You can perform batch trial runs, runs, schedule configurations, enable, disable, modify business properties, associate knowledge base documents, or delete operations.

  • Trial Run: Supports batch trial runs of rules. After the trial run, click the image icon View Trial Run Log.

  • Run: Supports batch running of rules. After running, you can view the validation results in Quality Record.

  • Scan Configuration: Supports filtering by schedule type or quickly searching for schedules by schedule name in the dialog box. Editing schedules is also supported for batch schedule configuration of quality rules. Only rules that can be edited on the quality rule list page can be modified.

  • Enable: After batch enabling the effective status, the selected rules will be automatically executed according to the configured schedule. Only rules that can be edited on the quality rule list page can be enabled.

  • Disable: After batch disabling the effective status, the selected rules will not be automatically executed but can be executed manually. Only rules that can be edited on the quality rule list page can be disabled.

  • Modify Business Properties: When the field value type corresponding to the business property is single or multiple choice, batch modification of business properties is supported.

    • When the field value type corresponding to the business property is multiple choice, appending or modifying property values is supported.

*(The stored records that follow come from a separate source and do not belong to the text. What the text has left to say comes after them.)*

theorem mainTheorem2:
  fixes X :: "(int \<times> real \<times> real) set" and N :: "real set" and a b t :: real
  assumes "long_knot_diagram (X, N)"
    and "a \<notin> cuts (X, N)" and "b \<notin> cuts (X, N)" and "a \<noteq> b"
    and "t \<notin> cuts (X, N)" and "t \<noteq> a" and "t \<noteq> b"
  shows "gtilde (X, insert t N) a b = gtilde (X, N) a b"
proof -
  have fin: "finite (cuts (X, N))" using assms(1) by (rule finite_cuts)
  let ?k = "edge (X, N) t"
  have edge_a: "edge (X, insert t N) a = edge (X, N) a + (if t < a then 1 else 0)"
    and edge_b: "edge (X, insert t N) b = edge (X, N) b + (if t < b then 1 else 0)"
    using edge_insert_nv[OF fin assms(5)] assms(6,7) by auto
  have "edge (X, N) a < num_edges (X, N)" "edge (X, N) b < num_edges (X, N)"
    using edge_le_card[OF fin] by (auto simp: num_edges_def less_Suc_eq_le)
  moreover have "t < a \<Longrightarrow> ?k \<le> edge (X, N) a" "a < t \<Longrightarrow> edge (X, N) a \<le> ?k"
    and "t < b \<Longrightarrow> ?k \<le> edge (X, N) b" "b < t \<Longrightarrow> edge (X, N) b \<le> ?k"
    using edge_mono[OF fin] by auto
  moreover have "t < a \<or> a < t" "t < b \<or> b < t" using assms(6,7) by linarith+
  ultimately show ?thesis
    unfolding gtilde_def Let_def edge_a edge_b
    by (auto simp: Gmat_insert_nv[OF fin assms(5)] split_orig_def)
qed

end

    • When the field value type corresponding to the business property is single choice, direct modification of property values is supported.

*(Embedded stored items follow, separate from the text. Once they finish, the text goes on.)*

(* Let $\tau^{(k)}=\alpha\partial_t+\beta\partial_x+\sum_{i=1}^k\gamma^{(i)}\partial_{x_i}$ be a telescopic vector field (so $\beta-x_1\alpha\neq0$). Then $$\tau^{(k)}=\alpha\,D_t+(\beta-\alpha x_1)\,\mathbf{X}^{[\lambda,(k)]},$$ where $\mathbf{X}=\partial_x$, $D_t$ is truncated to $\partial_t+x_1\partial_x+\cdots+x_{k+1}\partial_{x_k}$, and $\lambda$ (a function of $(t,x,x_1,x_2)$) is $$\lambda=\frac{\gamma^{(1)}-\alpha x_2}{\beta-\alpha x_1}.$$ If $\alpha=0$, then $\lambda$ does not depend on $x_2$.
   Context: Jet coordinates $(t,x,x_1,x_2,\ldots)$, $x_i=d^ix/dt^i$; $D_t$ the total derivative. A telescopic vector field is $\tau^{(k)}=\alpha(t,x,x_1)\partial_t+\beta(t,x,x_1)\partial_x+\sum_{i=1}^k\gamma^{(i)}\partial_{x_i}$ with $\alpha,\beta,\gamma^{(1)}$ arbitrary smooth functions of $(t,x,x_1)$, $\beta-\alpha x_1\neq 0$, and for $2\le i\le k$: $\gamma^{(i)}=D_t(\gamma^{(i-1)})-D_t(\alpha)x_i+\frac{\gamma^{(1)}+x_1D_t\alpha-D_t\beta}{\beta-x_1\alpha}(\gamma^{(i-1)}-\alpha x_i)$. For a function $\lambda$ depending on finitely many jet variables and $\mathbf{X}=\rho(t,x)\partial_t+\phi^0(t,x)\partial_x$, the (generalized) $\lambda$-prolongation is $\mathbf{X}^{[\lambda,(k)]}=\rho\partial_t+\phi^0\partial_x+\sum_{i=1}^k\phi^{[\lambda,(i)]}\partial_{x_i}$ with $\phi^{[\lambda,(0)]}=\phi^0$, $\phi^{[\lambda,(i)]}=D_t(\phi^{[\lambda,(i-1)]})-D_t(\rho)x_i+\lambda(\phi^{[\lambda,(i-1)]}-\rho x_i)$. *)

theory Defs
  imports "HOL-Analysis.Analysis"
begin

text \<open>Jet coordinates: a point of the jet space is a pair (t, u) where
  u :: nat \<Rightarrow> real, with u 0 = x and u i = x_i.\<close>

type_synonym jetfun = "real \<Rightarrow> (nat \<Rightarrow> real) \<Rightarrow> real"

coinductive smooth3 :: "(real \<Rightarrow> real \<Rightarrow> real \<Rightarrow> real) \<Rightarrow> bool" where
  "(\<forall>t x y. (\<lambda>(a, b, c). f a b c) differentiable (at (t, x, y))) \<Longrightarrow>
   smooth3 (\<lambda>t x y. deriv (\<lambda>s. f s x y) t) \<Longrightarrow>
   smooth3 (\<lambda>t x y. deriv (\<lambda>s. f t s y) x) \<Longrightarrow>
   smooth3 (\<lambda>t x y. deriv (\<lambda>s. f t x s) y) \<Longrightarrow>
   smooth3 f"

definition lift3 :: "(real \<Rightarrow> real \<Rightarrow> real \<Rightarrow> real) \<Rightarrow> jetfun" where
  "lift3 f = (\<lambda>t u. f t (u 0) (u 1))"

definition lift2 :: "(real \<Rightarrow> real \<Rightarrow> real) \<Rightarrow> jetfun" where
  "lift2 f = (\<lambda>t u. f t (u 0))"

definition Dt :: "nat \<Rightarrow> jetfun \<Rightarrow> jetfun" where
  "Dt n F = (\<lambda>t u. deriv (\<lambda>s. F s u) t +
      (\<Sum>i\<le>n. u (Suc i) * deriv (\<lambda>y. F t (u(i := y))) (u i)))"

fun tel_gamma :: "nat \<Rightarrow> (real \<Rightarrow> real \<Rightarrow> real \<Rightarrow> real) \<Rightarrow> (real \<Rightarrow> real \<Rightarrow> real \<Rightarrow> real)
    \<Rightarrow> (real \<Rightarrow> real \<Rightarrow> real \<Rightarrow> real) \<Rightarrow> nat \<Rightarrow> jetfun" where
  "tel_gamma k \<alpha> \<beta> \<gamma>1 0 = (\<lambda>t u. 0)"
| "tel_gamma k \<alpha> \<beta> \<gamma>1 (Suc 0) = lift3 \<gamma>1"
| "tel_gamma k \<alpha> \<beta> \<gamma>1 (Suc (Suc i)) =
     (\<lambda>t u. Dt k (tel_gamma k \<alpha> \<beta> \<gamma>1 (Suc i)) t u - Dt k (lift3 \<alpha>) t u * u (Suc (Suc i))
       + (lift3 \<gamma>1 t u + u 1 * Dt k (lift3 \<alpha>) t u - Dt k (lift3 \<beta>) t u)
           / (lift3 \<beta> t u - u 1 * lift3 \<alpha> t u)
         * (tel_gamma k \<alpha> \<beta> \<gamma>1 (Suc i) t u - lift3 \<alpha> t u * u (Suc (Suc i))))"

text \<open>Vector fields on J^k are given by their coefficient functions:
  component 0 is the coefficient of \<partial>_t, component (Suc j) that of \<partial>_(x_j)
  (with x_0 = x), for j \<le> k.\<close>

definition telescopic_field :: "nat \<Rightarrow> (real \<Rightarrow> real \<Rightarrow> real \<Rightarrow> real) \<Rightarrow> (real \<Rightarrow> real \<Rightarrow> real \<Rightarrow> real)
    \<Rightarrow> (real \<Rightarrow> real \<Rightarrow> real \<Rightarrow> real) \<Rightarrow> nat \<Rightarrow> jetfun" where
  "telescopic_field k \<alpha> \<beta> \<gamma>1 j =
     (if j = 0 then lift3 \<alpha> else if j = 1 then lift3 \<beta> else tel_gamma k \<alpha> \<beta> \<gamma>1 (j - 1))"

definition Dt_field :: "nat \<Rightarrow> jetfun" where
  "Dt_field j = (if j = 0 then (\<lambda>t u. 1) else (\<lambda>t u. u j))"

text \<open>The coefficients phi^[lambda,(i)] of the lambda-prolongation of
  X = rho \<partial>_t + phi0 \<partial>_x (total derivative truncated at order n).\<close>

fun prol_phi :: "nat \<Rightarrow> (real \<Rightarrow> real \<Rightarrow> real) \<Rightarrow> (real \<Rightarrow> real \<Rightarrow> real) \<Rightarrow> jetfun \<Rightarrow> nat \<Rightarrow> jetfun" where
  "prol_phi n \<rho> \<phi>0 lam 0 = lift2 \<phi>0"
| "prol_phi n \<rho> \<phi>0 lam (Suc i) =
     (\<lambda>t u. Dt n (prol_phi n \<rho> \<phi>0 lam i) t u - Dt n (lift2 \<rho>) t u * u (Suc i)
        + lam t u * (prol_phi n \<rho> \<phi>0 lam i t u - lift2 \<rho> t u * u (Suc i)))"

definition lambda_prolongation :: "nat \<Rightarrow> (real \<Rightarrow> real \<Rightarrow> real) \<Rightarrow> (real \<Rightarrow> real \<Rightarrow> real)
    \<Rightarrow> jetfun \<Rightarrow> nat \<Rightarrow> jetfun" where
  "lambda_prolongation n \<rho> \<phi>0 lam j =
     (if j = 0 then lift2 \<rho> else prol_phi n \<rho> \<phi>0 lam (j - 1))"

end

theory Submission
  imports Defs
begin

text \<open>Write \<open>A = \<alpha>\<close>, \<open>B = \<beta> - x\<^sub>1 \<alpha>\<close> and \<open>\<phi>\<^sub>i\<close> for the coefficients of the
  \<open>\<lambda>\<close>-prolongation of \<open>\<partial>\<^sub>x\<close>, so \<open>\<phi>\<^sub>0 = 1\<close> and \<open>\<phi>\<^sub>i\<^sub>+\<^sub>1 = D\<^sub>t \<phi>\<^sub>i + \<lambda> \<phi>\<^sub>i\<close>. One shows
  \<open>\<gamma>\<^sup>(\<^sup>i\<^sup>) = A x\<^sub>i\<^sub>+\<^sub>1 + B \<phi>\<^sub>i\<close> by induction on \<open>i\<close>. Since \<open>D\<^sub>t\<close> obeys the Leibniz rule,
  \<open>D\<^sub>t B = D\<^sub>t \<beta> - x\<^sub>2 A - x\<^sub>1 D\<^sub>t A\<close>, so the coefficient \<open>(\<gamma>\<^sup>(\<^sup>1\<^sup>) + x\<^sub>1 D\<^sub>t \<alpha> - D\<^sub>t \<beta>) / B\<close> of the
  telescopic recursion equals \<open>\<lambda> - D\<^sub>t B / B\<close>; the \<open>D\<^sub>t B\<close> terms then cancel and what remains
  is exactly the prolongation recursion. The analytic input is only the Leibniz rule, valid on
  the class of jet functions built from coordinates and smooth functions of \<open>(t, x, x\<^sub>1)\<close>
  by field operations, which is closed under partial derivatives.\<close>

lemma smooth3_partial_smooth:
  assumes "smooth3 f"
  shows "smooth3 (\<lambda>t x y. deriv (\<lambda>s. f s x y) t)"
    and "smooth3 (\<lambda>t x y. deriv (\<lambda>s. f t s y) x)"
    and "smooth3 (\<lambda>t x y. deriv (\<lambda>s. f t x s) y)"
  using assms by (auto elim: smooth3.cases)

lemma smooth3_real_differentiable:
  assumes "smooth3 f"
  shows "(\<lambda>s. f s x y) differentiable (at t)"
    and "(\<lambda>s. f t s y) differentiable (at x)"
    and "(\<lambda>s. f t x s) differentiable (at y)"
proof -
  have f: "(\<lambda>(a, b, c). f a b c) differentiable (at (t, x, y))"
    using assms by (auto elim: smooth3.cases)
  have "(\<lambda>s. (s, x, y)) differentiable (at t)" "(\<lambda>s. (t, s, y)) differentiable (at x)"
    "(\<lambda>s. (t, x, s)) differentiable (at y)"
    by (intro derivative_intros)+
  then show "(\<lambda>s. f s x y) differentiable (at t)" "(\<lambda>s. f t s y) differentiable (at x)"
    "(\<lambda>s. f t x s) differentiable (at y)"
    using differentiable_chain_at[where g = "\<lambda>(a, b, c). f a b c"] f by (fastforce simp: o_def)+
qed

text \<open>Direction \<open>None\<close> varies \<open>t\<close>, direction \<open>Some j\<close> varies \<open>x\<^sub>j\<close>.\<close>

definition jet_slice :: "nat option \<Rightarrow> jetfun \<Rightarrow> real \<Rightarrow> (nat \<Rightarrow> real) \<Rightarrow> real \<Rightarrow> real" where
  "jet_slice d F t u = (case d of None \<Rightarrow> (\<lambda>s. F s u) | Some j \<Rightarrow> (\<lambda>s. F t (u(j := s))))"

definition jet_coord :: "nat option \<Rightarrow> real \<Rightarrow> (nat \<Rightarrow> real) \<Rightarrow> real" where
  "jet_coord d t u = (case d of None \<Rightarrow> t | Some j \<Rightarrow> u j)"

definition jet_partial :: "nat option \<Rightarrow> jetfun \<Rightarrow> jetfun" where
  "jet_partial d F = (\<lambda>t u. deriv (jet_slice d F t u) (jet_coord d t u))"

lemma jet_slice_at_coord [simp]: "jet_slice d F t u (jet_coord d t u) = F t u"
  by (cases d) (simp_all add: jet_slice_def jet_coord_def)

lemma jet_slice_unop: "jet_slice d (\<lambda>t u. f (F t u)) t u = (\<lambda>s. f (jet_slice d F t u s))"
  by (cases d) (simp_all add: jet_slice_def)

lemma jet_slice_binop:
  "jet_slice d (\<lambda>t u. f (F t u) (G t u)) t u = (\<lambda>s. f (jet_slice d F t u s) (jet_slice d G t u s))"
  by (cases d) (simp_all add: jet_slice_def)

lemma Dt_eq_jet_partial:
  "Dt n F = (\<lambda>t u. jet_partial None F t u + (\<Sum>i\<le>n. u (Suc i) * jet_partial (Some i) F t u))"
  by (simp add: Dt_def jet_partial_def jet_slice_def jet_coord_def)

inductive smooth_jet :: "jetfun \<Rightarrow> bool" where
  const: "smooth_jet (\<lambda>t u. c)"
| coord: "smooth_jet (\<lambda>t u. u j)"
| lift3: "smooth3 f \<Longrightarrow> smooth_jet (lift3 f)"
| add: "smooth_jet F \<Longrightarrow> smooth_jet G \<Longrightarrow> smooth_jet (\<lambda>t u. F t u + G t u)"
| diff: "smooth_jet F \<Longrightarrow> smooth_jet G \<Longrightarrow> smooth_jet (\<lambda>t u. F t u - G t u)"
| mult: "smooth_jet F \<Longrightarrow> smooth_jet G \<Longrightarrow> smooth_jet (\<lambda>t u. F t u * G t u)"
| inverse: "smooth_jet F \<Longrightarrow> (\<And>t u. F t u \<noteq> 0) \<Longrightarrow> smooth_jet (\<lambda>t u. inverse (F t u))"

lemma smooth_jet_sum: "(\<And>i. smooth_jet (G i)) \<Longrightarrow> smooth_jet (\<lambda>t u. \<Sum>i\<le>(n::nat). G i t u)"
  by (induction n) (simp_all add: smooth_jet.add)

lemma smooth_jet_lift3_has_partial:
  assumes "smooth3 f"
  shows "\<exists>F'. smooth_jet F' \<and>
    (\<forall>t u. (jet_slice d (lift3 f) t u has_real_derivative F' t u) (at (jet_coord d t u)))"
proof -
  note diffs = smooth3_real_differentiable[OF assms, unfolded DERIV_deriv_iff_real_differentiable[symmetric]]
  note lifts = smooth3_partial_smooth[OF assms, THEN smooth_jet.lift3]
  consider "d = None" | "d = Some 0" | "d = Some 1" | j where "d = Some (Suc (Suc j))"
    by (metis One_nat_def not_None_eq not0_implies_Suc)
  then show ?thesis
  proof cases
    case 1
    then show ?thesis using diffs(1) lifts(1)
      by (fastforce simp: jet_slice_def jet_coord_def lift3_def)
  next
    case 2
    then show ?thesis using diffs(2) lifts(2)
      by (fastforce simp: jet_slice_def jet_coord_def lift3_def)
  next
    case 3
    then show ?thesis using diffs(3) lifts(3)
      by (fastforce simp: jet_slice_def jet_coord_def lift3_def)
  next
    case 4
    then show ?thesis
      by (auto simp: jet_slice_def jet_coord_def lift3_def intro!: exI[of _ "\<lambda>t u. 0"] smooth_jet.const)
  qed
qed

lemma smooth_jet_has_partial:
  assumes "smooth_jet F"
  shows "\<exists>F'. smooth_jet F' \<and>
    (\<forall>t u. (jet_slice d F t u has_real_derivative F' t u) (at (jet_coord d t u)))"
  using assms
proof (induction rule: smooth_jet.induct)
  case (const c)
  show ?case by (auto simp: jet_slice_def intro!: exI[of _ "\<lambda>t u. 0"] smooth_jet.const split: option.split)
next
  case (coord j)
  show ?case
  proof (cases "d = Some j")
    case True
    then show ?thesis
      by (auto simp: jet_slice_def jet_coord_def intro!: exI[of _ "\<lambda>t u. 1"] smooth_jet.const)
  next
    case False
    then have "jet_slice d (\<lambda>t u. u j) t u = (\<lambda>s. u j)" for t u
      by (auto simp: jet_slice_def split: option.split)
    then show ?thesis by (auto intro!: exI[of _ "\<lambda>t u. 0"] smooth_jet.const)
  qed
next
  case (lift3 f)
  then show ?case by (rule smooth_jet_lift3_has_partial)
next
  case (add F G)
  then obtain F' G' where "smooth_jet F'" "smooth_jet G'"
    "\<And>t u. (jet_slice d F t u has_real_derivative F' t u) (at (jet_coord d t u))"
    "\<And>t u. (jet_slice d G t u has_real_derivative G' t u) (at (jet_coord d t u))" by blast
  then show ?case
    by (intro exI[of _ "\<lambda>t u. F' t u + G' t u"])
      (auto simp: jet_slice_binop[of _ "(+)"] intro!: smooth_jet.add DERIV_add)
next
  case (diff F G)
  then obtain F' G' where "smooth_jet F'" "smooth_jet G'"
    "\<And>t u. (jet_slice d F t u has_real_derivative F' t u) (at (jet_coord d t u))"
    "\<And>t u. (jet_slice d G t u has_real_derivative G' t u) (at (jet_coord d t u))" by blast
  then show ?case
    by (intro exI[of _ "\<lambda>t u. F' t u - G' t u"])
      (auto simp: jet_slice_binop[of _ "(-)"] intro!: smooth_jet.diff DERIV_diff)
next
  case (mult F G)
  then obtain F' G' where "smooth_jet F'" "smooth_jet G'"
    "\<And>t u. (jet_slice d F t u has_real_derivative F' t u) (at (jet_coord d t u))"
    "\<And>t u. (jet_slice d G t u has_real_derivative G' t u) (at (jet_coord d t u))" by blast
  with mult.hyps show ?case
    by (intro exI[of _ "\<lambda>t u. F' t u * G t u + G' t u * F t u"])
      (auto simp: jet_slice_binop[of _ "(*)"] intro!: smooth_jet.add smooth_jet.mult
        DERIV_mult[THEN DERIV_cong])
next
  case (inverse F)
  then obtain F' where F': "smooth_jet F'"
    "\<And>t u. (jet_slice d F t u has_real_derivative F' t u) (at (jet_coord d t u))" by blast
  let ?F'' = "\<lambda>t u. - 1 * (F' t u * (inverse (F t u) * inverse (F t u)))"
  have "smooth_jet ?F''"
    using inverse.hyps F'(1) by (intro smooth_jet.mult smooth_jet.const smooth_jet.inverse)
  moreover have "(jet_slice d (\<lambda>t u. inverse (F t u)) t u has_real_derivative ?F'' t u)
      (at (jet_coord d t u))" for t u
    unfolding jet_slice_unop[of _ inverse]
    using DERIV_inverse_fun[OF F'(2), of t u] inverse.hyps(2) by (simp add: power2_eq_square)
  ultimately show ?case by blast
qed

  • Associate Knowledge Base Document: After associating knowledge with the rule, you can view the associated knowledge in the quality rule and administration workbench. It supports batch configuration of knowledge bases for monitored objects. To create, see create and manage knowledge base.

  • Delete: Supports batch deletion of quality rule objects. This action cannot be revoked. Please operate with caution. Only rules that can be edited on the quality rule list page can be deleted.

Create schedule

Note
  • When setting up scheduling rules, you can swiftly apply configurations using the current schedule in this table, with a limit of 20 scheduling rules per table.

  • A maximum of 10 schedules can be configured for the same rule.

  • Automatic deduplication is supported when the schedule configuration is identical.

  1. On the Quality Rule Details page, click the Scan Configuration tab, then click Create Schedule to open the Create Schedule dialog box.

  2. In the Create Schedule dialog box, set the parameters.

    Parameter

    Description

    Schedule Name

    Custom schedule name.

    Schedule Type

    Supports Timed Scheduling, Data Update Triggered Scheduling, and Fixed Task Triggered Scheduling.

    • Recurrency Triggered: Supports scheduled and periodic data quality checks based on the set schedule time, suitable for scenarios where data production time is relatively fixed.

      • Recurrence: Running quality rules will occupy certain computing resources. It is recommended to avoid concurrent execution of multiple quality rules at the same time to prevent affecting the normal operation of production tasks. The scheduling cycle includes five types: Day, Week, Month, Hour, and Minute.

    • Data Update Triggered: When all code tasks are executed, it will parse whether the current task run updates the specified verification range of the current table. Suitable for tables with non-fixed modification tasks or tables that need to be closely monitored, i.e., every change needs to be monitored.

      Note

      It is recommended to select the partition updated by the task as the verification range (non-partitioned tables will verify the entire table). The system will automatically detect all data changes and perform verification to avoid omissions.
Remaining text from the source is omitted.